Two suicide bombers, carrying explosives in large suitcases, attacked the departure hall at Brussels Airport in Zaventem. The first explosion occurred at 07:58 in check-in row 11; the second explosion occurred about nine seconds later in check-in row 2. The suicide bombers were visible in CCTV footage. Some witnesses said that before the first explosion occurred, there were shouts in Arabic. Some also reported hearing gunfire but investigators established that no shots were fired, although both suicide bombers were carrying handguns which had detonated due to the explosions.

A third suicide bomber left the airport without detonating his bomb, which was later found in a search of the airport and destroyed by a controlled explosion.
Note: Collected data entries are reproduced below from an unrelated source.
lemma quot_add_cyclic_graded:
  assumes S: "quot_gr_submodule S" and y: "y \<in> Mg d"
  defines "T \<equiv> quot_add_cyclic S y"
  shows "T \<subseteq> hsums U q_add (\<lambda>g. T \<inter> qcoset U ` Mg g)"
proof
  let ?A = "\<lambda>X g. {z. qcoset U z \<in> X \<inter> qcoset U ` Mg g}"
  have S_cosets: "S \<subseteq> range (qcoset U)" and S_graded: "S \<subseteq> hsums U q_add (\<lambda>g. S \<inter> qcoset U ` Mg g)"
    and "qcoset U 0 \<in> S"
    using S qcoset_zero[of U] unfolding gr_submodule_def by auto
  then have "qcoset U (smult b y) \<in> T" for b
    using quot_add_cyclicI[of 0 S b y] by (simp add: T_def)
  note y_graded = smult_homogeneous_in_hsums[OF y this]
  fix t assume "t \<in> T"
  then obtain m a where t: "t = qcoset U (m + smult a y)" and m: "qcoset U m \<in> S"
    unfolding T_def by (rule quot_add_cyclicE)
  obtain m' where m': "m' \<in> hsums 0 (+) (?A S)" and m_m': "qcoset U m = qcoset U m'"
    using hsums_qcoset_lift[OF add_subgroup_U] S_graded m S_cosets by blast
  have "m' \<in> hsums 0 (+) (?A T)"
    using m' subset_quot_add_cyclic[OF S_cosets] by (elim hsums_mono) (auto simp: T_def)
  then have "m' + smult a y \<in> hsums 0 (+) (?A T)"
    using y_graded hsums_plus_closed by blast
  then have "qcoset U (m' + smult a y) \<in> hsums U q_add (\<lambda>g. qcoset U ` ?A T g)"
    by (rule hsums_qcoset[OF add_subgroup_U])
  then have "qcoset U (m' + smult a y) \<in> hsums U q_add (\<lambda>g. T \<inter> qcoset U ` Mg g)"
    by (rule hsums_mono) blast
  moreover have "t = qcoset U (m' + smult a y)"
    using t m_m' q_add_qcoset[OF add_subgroup_U] by metis
  ultimately show "t \<in> hsums U q_add (\<lambda>g. T \<inter> qcoset U ` Mg g)" by simp
qed

lemma quot_gr_submodule_add_cyclic:
  assumes S: "quot_gr_submodule S" and y: "y \<in> Mg d"
  shows "quot_gr_submodule (quot_add_cyclic S y)"
  unfolding gr_submodule_def
proof (intro conjI ballI allI)
  have "U \<in> S" and S_cosets: "S \<subseteq> range (qcoset U)"
    using S unfolding gr_submodule_def by blast+
  then show "U \<in> quot_add_cyclic S y" using subset_quot_add_cyclic by blast
  show "quot_add_cyclic S y \<subseteq> range (qcoset U)" unfolding quot_add_cyclic_def by blast
  show "quot_add_cyclic S y \<subseteq> hsums U q_add (\<lambda>g. quot_add_cyclic S y \<inter> qcoset U ` Mg g)"
    using quot_add_cyclic_graded[OF S y] .
next
  fix b c assume "b \<in> quot_add_cyclic S y" "c \<in> quot_add_cyclic S y"
  then obtain m1 a1 m2 a2 where "b = qcoset U (m1 + smult a1 y)" "qcoset U m1 \<in> S"
    "c = qcoset U (m2 + smult a2 y)" "qcoset U m2 \<in> S"
    by (metis quot_add_cyclicE)
  moreover from this have "qcoset U (m1 + m2) \<in> S" using quot_gr_submodule_add[OF S] by blast
  ultimately show "q_add b c \<in> quot_add_cyclic S y"
    using quot_add_cyclicI[of "m1 + m2" S "a1 + a2" y]
    by (simp add: q_add_qcoset[OF add_subgroup_U] algebra_simps)
next
  fix r c assume "c \<in> quot_add_cyclic S y"
  then obtain m a where "c = qcoset U (m + smult a y)" "qcoset U m \<in> S"
    by (rule quot_add_cyclicE)
  moreover from this have "qcoset U (smult r m) \<in> S" using quot_gr_submodule_scale[OF S] by blast
  ultimately show "q_scale smult U r c \<in> quot_add_cyclic S y"
    using quot_add_cyclicI[of "smult r m" S "r * a" y] by (simp add: q_scale_qcoset algebra_simps)
qed

lemma quot_gr_maximal_add_cyclic:
  assumes S: "quot_gr_maximal S" and y: "y \<in> Mg d" and y_notin: "qcoset U y \<notin> S"
  shows "quot_add_cyclic S y = range (qcoset U)"
proof -
  have S_sub: "quot_gr_submodule S" using S unfolding gr_maximal_def by blast
  then have "S \<subseteq> quot_add_cyclic S y"
    by (intro subset_quot_add_cyclic) (simp add: gr_submodule_def)
  moreover have "qcoset U y \<in> quot_add_cyclic S y"
    using quot_add_cyclicI[of 0 S 1 y] S_sub qcoset_zero[of U] unfolding gr_submodule_def by simp
  ultimately show ?thesis
    using S quot_gr_submodule_add_cyclic[OF S_sub y] y_notin unfolding gr_maximal_def by blast
qed

lemma quot_gr_maximal_square_root:
  assumes S: "quot_gr_maximal S" and r: "r \<in> Rg g" and x: "x \<in> Mg h"
    and sq: "qcoset U (smult r (smult r x)) \<in> S"
  shows "qcoset U (smult r x) \<in> S"
proof (rule ccontr)
  have S_sub: "quot_gr_submodule S" using S unfolding gr_maximal_def by blast
  assume "qcoset U (smult r x) \<notin> S"
  then have "qcoset U x \<in> quot_add_cyclic S (smult r x)"
    using quot_gr_maximal_add_cyclic[OF S homogeneous_smult[OF r x]] by blast
  then obtain m a where x_eq: "qcoset U x = qcoset U (m + smult a (smult r x))"
    and m: "qcoset U m \<in> S"
    by (rule quot_add_cyclicE)
  have "qcoset U (smult r x) = q_scale smult U r (qcoset U x)" by (simp only: q_scale_qcoset)
  also have "\<dots> = qcoset U (smult r m + smult a (smult r (smult r x)))"
    unfolding x_eq q_scale_qcoset by (simp only: scale_right_distrib scale_left_commute[of r a])
  also have "\<dots> \<in> S"
    by (intro quot_gr_submodule_add[OF S_sub] quot_gr_submodule_scale[OF S_sub] m sq)
  finally show False using \<open>qcoset U (smult r x) \<notin> S\<close> by blast
qed

lemma quot_gr_maximal_root:
  assumes S: "quot_gr_maximal S" and r: "r \<in> Rg g" and x: "x \<in> Mg h"
    and root: "qcoset U (smult (r ^ n) x) \<in> S"
  shows "qcoset U (smult r x) \<in> S"
proof (cases n)
  case 0
  have "quot_gr_submodule S" using S unfolding gr_maximal_def by blast
  then show ?thesis using quot_gr_submodule_scale root 0 by simp
next
  case (Suc k)
  have "qcoset U (smult r x) \<in> S"
    if "x \<in> Mg h" "qcoset U (smult (r ^ Suc k) x) \<in> S" for x h
    using that
  proof (induction k arbitrary: x h)
    case 0
    then show ?case by simp
  next
    case (Suc k)
    have "smult (r ^ Suc (Suc k)) x = smult (r ^ Suc k) (smult r x)"
      by (simp only: scale_scale power_Suc2)
    then have "qcoset U (smult r (smult r x)) \<in> S"
      using Suc.IH[OF homogeneous_smult[OF r Suc.prems(1)]] Suc.prems(2) by simp
    then show ?case by (rule quot_gr_maximal_square_root[OF S r Suc.prems(1)])
  qed
  then show ?thesis using x root Suc by blast
qed

lemma gr_semiprime_if_J_gr_quot_trivial:
  assumes J: "J_gr_quot smult Mg U = {U}" and proper: "U \<noteq> UNIV"
  shows "gr_semiprime Rg smult Mg U"
  unfolding gr_semiprime_def
proof (intro conjI allI impI gr_submodule_U proper)
  fix g h r m and n :: nat
  assume r: "r \<in> Rg g" and m: "m \<in> Mg h" and root: "smult (r ^ n) m \<in> U"
  note coset_U_iff = qcoset_eq_self_iff[OF add_subgroup_U]
  show "smult r m \<in> U"
  proof (rule ccontr)
    assume "smult r m \<notin> U"
    then have "qcoset U (smult r m) \<notin> J_gr_quot smult Mg U" using J coset_U_iff by simp
    then obtain S where S: "quot_gr_maximal S" and notin: "qcoset U (smult r m) \<notin> S"
      unfolding J_gr_quot_def J_gr_def by blast
    have "U \<in> S" using S unfolding gr_maximal_def gr_submodule_def by blast
    moreover have "qcoset U (smult (r ^ n) m) = U" using root coset_U_iff by blast
    ultimately have "qcoset U (smult (r ^ n) m) \<in> S" by simp
    then show False using quot_gr_maximal_root[OF S r m] notin by blast
  qed
qed

lemma colon_if_homogeneous:
  assumes "\<And>h x. x \<in> Mg h \<Longrightarrow> smult r x \<in> U"
  shows "r \<in> colon smult U"
  unfolding colon_def
proof (intro CollectI allI)
  fix m
  obtain H e where H: "finite H" "\<And>h. h \<in> H \<Longrightarrow> e h \<in> Mg h" "m = sum e H"
    by (rule internal_direct_sum_decomp[OF module_direct_sum, where x = m]) blast
  then have "smult r m = (\<Sum>h\<in>H. smult r (e h))" by (simp add: scale_sum_right)
  also have "\<dots> \<in> U" by (intro subspace_sum[OF subspace_U] assms[OF H(2)])
  finally show "smult r m \<in> U" .
qed

lemma colon_homogeneous_component:
  assumes F: "finite F" "\<And>g. g \<in> F \<Longrightarrow> f g \<in> Rg g" and colon: "sum f F \<in> colon smult U"
    and g: "g \<in> F"
  shows "f g \<in> colon smult U"
proof (rule colon_if_homogeneous)
  fix h x assume x: "x \<in> Mg h"
  let ?p = "\<lambda>d. smult (f (d - h)) x"
  have "sum ?p ((\<lambda>g'. g' + h) ` F) = (\<Sum>g'\<in>F. smult (f g') x)"
    by (simp add: sum.reindex inj_on_def)
  also have "\<dots> = smult (sum f F) x" by (rule scale_sum_left[symmetric])
  also have "\<dots> \<in> U" using colon unfolding colon_def by blast
  finally have sum_in: "sum ?p ((\<lambda>g'. g' + h) ` F) \<in> U" .
  have "?p d \<in> Mg d" if "d \<in> (\<lambda>g'. g' + h) ` F" for d
    using that F(2) homogeneous_smult[OF _ x] by auto
  then have "?p (g + h) \<in> U"
    using gr_submodule_homogeneous_component[OF module_direct_sum gr_submodule_U _ _ sum_in] F(1) g
    by blast
  then show "smult (f g) x \<in> U" by simp
qed

lemma gr_submodule_colon: "gr_submodule UNIV 0 (+) (*) Rg (colon smult U)"
  unfolding gr_submodule_def
proof (intro conjI ballI allI subset_UNIV)
  show "0 \<in> colon smult U" using subspace_0[OF subspace_U] by (simp add: colon_def)
  show "a + b \<in> colon smult U" if "a \<in> colon smult U" "b \<in> colon smult U" for a b
    using that subspace_add[OF subspace_U] by (simp add: colon_def scale_left_distrib)
  show "c * a \<in> colon smult U" if "a \<in> colon smult U" for c a
    using that subspace_scale[OF subspace_U] by (simp add: colon_def flip: scale_scale)
  show "colon smult U \<subseteq> hsums 0 (+) (\<lambda>g. colon smult U \<inter> Rg g)"
  proof
    fix r assume r: "r \<in> colon smult U"
    obtain F f where F: "finite F" "\<And>g. g \<in> F \<Longrightarrow> f g \<in> Rg g" "r = sum f F"
      by (rule internal_direct_sum_decomp[OF ring_direct_sum, where x = r]) blast
    have "f g \<in> colon smult U \<inter> Rg g" if "g \<in> F" for g
      using colon_homogeneous_component[OF F(1,2)] r F(2,3) that by blast
    then show "r \<in> hsums 0 (+) (\<lambda>g. colon smult U \<inter> Rg g)"
      unfolding F(3) using F(1) by (rule sum_in_hsums[rotated])
  qed
qed

lemma colon_ne_UNIV:
  assumes "U \<noteq> UNIV"
  shows "colon smult U \<noteq> UNIV"
proof
  assume "colon smult U = UNIV"
  then have "smult 1 m \<in> U" for m unfolding colon_def by blast
  then show False using assms by auto
qed

lemma gr_semiprime_colon:
  assumes U: "gr_semiprime Rg smult Mg U"
  shows "gr_semiprime Rg (*) Rg (colon smult U)"
  unfolding gr_semiprime_def
proof (intro conjI allI impI gr_submodule_colon colon_ne_UNIV)
  show "U \<noteq> UNIV" using U unfolding gr_semiprime_def by blast
  fix g h r s and n :: nat
  assume r: "r \<in> Rg g" and s: "s \<in> Rg h" and n: "0 < n" and root: "r ^ n * s \<in> colon smult U"
  show "r * s \<in> colon smult U"
  proof (rule colon_if_homogeneous)
    fix h' x assume "x \<in> Mg h'"
    then have "smult s x \<in> Mg (h + h')" using homogeneous_smult[OF s] by blast
    moreover have "smult (r ^ n) (smult s x) \<in> U" using root by (simp add: colon_def)
    ultimately have "smult r (smult s x) \<in> U" using U r n unfolding gr_semiprime_def by blast
    then show "smult (r * s) x \<in> U" by simp
  qed
qed

end

theorem theorem2p19:
  fixes Rg :: "'g::group_add \<Rightarrow> 'r::comm_ring_1 set"
    and smult :: "'r \<Rightarrow> 'm::ab_group_add \<Rightarrow> 'm"
    and Mg :: "'g \<Rightarrow> 'm set"
    and U :: "'m set"
  assumes "graded_ring Rg"
    and "graded_module Rg smult Mg"
    and "faithful smult"
    and "gr_submodule UNIV 0 (+) smult Mg U" and "U \<noteq> UNIV"
    and "J_gr_quot smult Mg U = {U}"
    and "J_gr UNIV 0 (+) (*) Rg \<subseteq> colon smult U"
  shows "gr_weakly_Jgr_semiprime Rg smult Mg U \<longleftrightarrow>
         gr_weakly_Jgr_semiprime_ideal Rg (colon smult U)"
proof -
  interpret graded_module_quotient Rg smult Mg U
    using assms(1,2,4) unfolding graded_module_quotient_def graded_ring_def by blast
  have "gr_semiprime Rg smult Mg U"
    using assms(6,5) by (rule gr_semiprime_if_J_gr_quot_trivial)
  moreover from this have "gr_semiprime Rg (*) Rg (colon smult U)"
    by (rule gr_semiprime_colon)
  ultimately show ?thesis
    unfolding gr_weakly_Jgr_semiprime_ideal_def
    by (simp add: gr_weakly_Jgr_semiprime_if_gr_semiprime)
qed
===Maelbeek metro station===
Just over an hour later, at 9:11, a suicide bomber detonated a bomb in a rucksack in the middle carriage of a three-carriage train at Maelbeek metro station, located near the European Commission headquarters in the European Quarter of Brussels, 10 km from Brussels Airport. The train was travelling on line 5 towards the city centre, and was pulling out of Maelbeek metro station when the bomb exploded. The driver immediately stopped the train and helped to evacuate the passengers. The Brussels Metro was subsequently shut down at 09:27.

A second suicide bomber carrying a bomb in a rucksack left the metro without detonating his bomb, instead taking it back to a hideout in Etterbeek, an eastern municipality of Brussels, where he dismantled it.

== Victims ==

Deaths by citizenship
| Citizenship | Deaths |
|---|---|
| Belgium | 14 |
| United States | 4 |
| Netherlands | 3 |
| Sweden | 2 |
| Democratic Republic of Congo | 1 |
| China | 1 |
| India | 1 |
| Italy | 1 |
| Morocco | 1 |
| Germany | 1 |
| Peru | 1 |
| Poland | 1 |
| United Kingdom | 1 |
| Total | 32 |

Thirty-two people, excluding the three suicide bombers, were killed in the attacks and over 300 were injured. Sixteen died in the airport attack and sixteen in the metro attack. The bombings were the deadliest attack on Belgium since World War II.

Seventeen of the victims were Belgian (including three with dual nationality) and the rest were foreign nationals. Foreign victims came from different countries including the US, the Netherlands, Sweden, Germany, the United Kingdom, Poland, China, India and Peru. They ranged in age from 20 years to 79 years.

Among the fatalities at the airport was retired diplomat André Adam, who had served as Belgian Permanent Representative to the United Nations and as Ambassador to the United States.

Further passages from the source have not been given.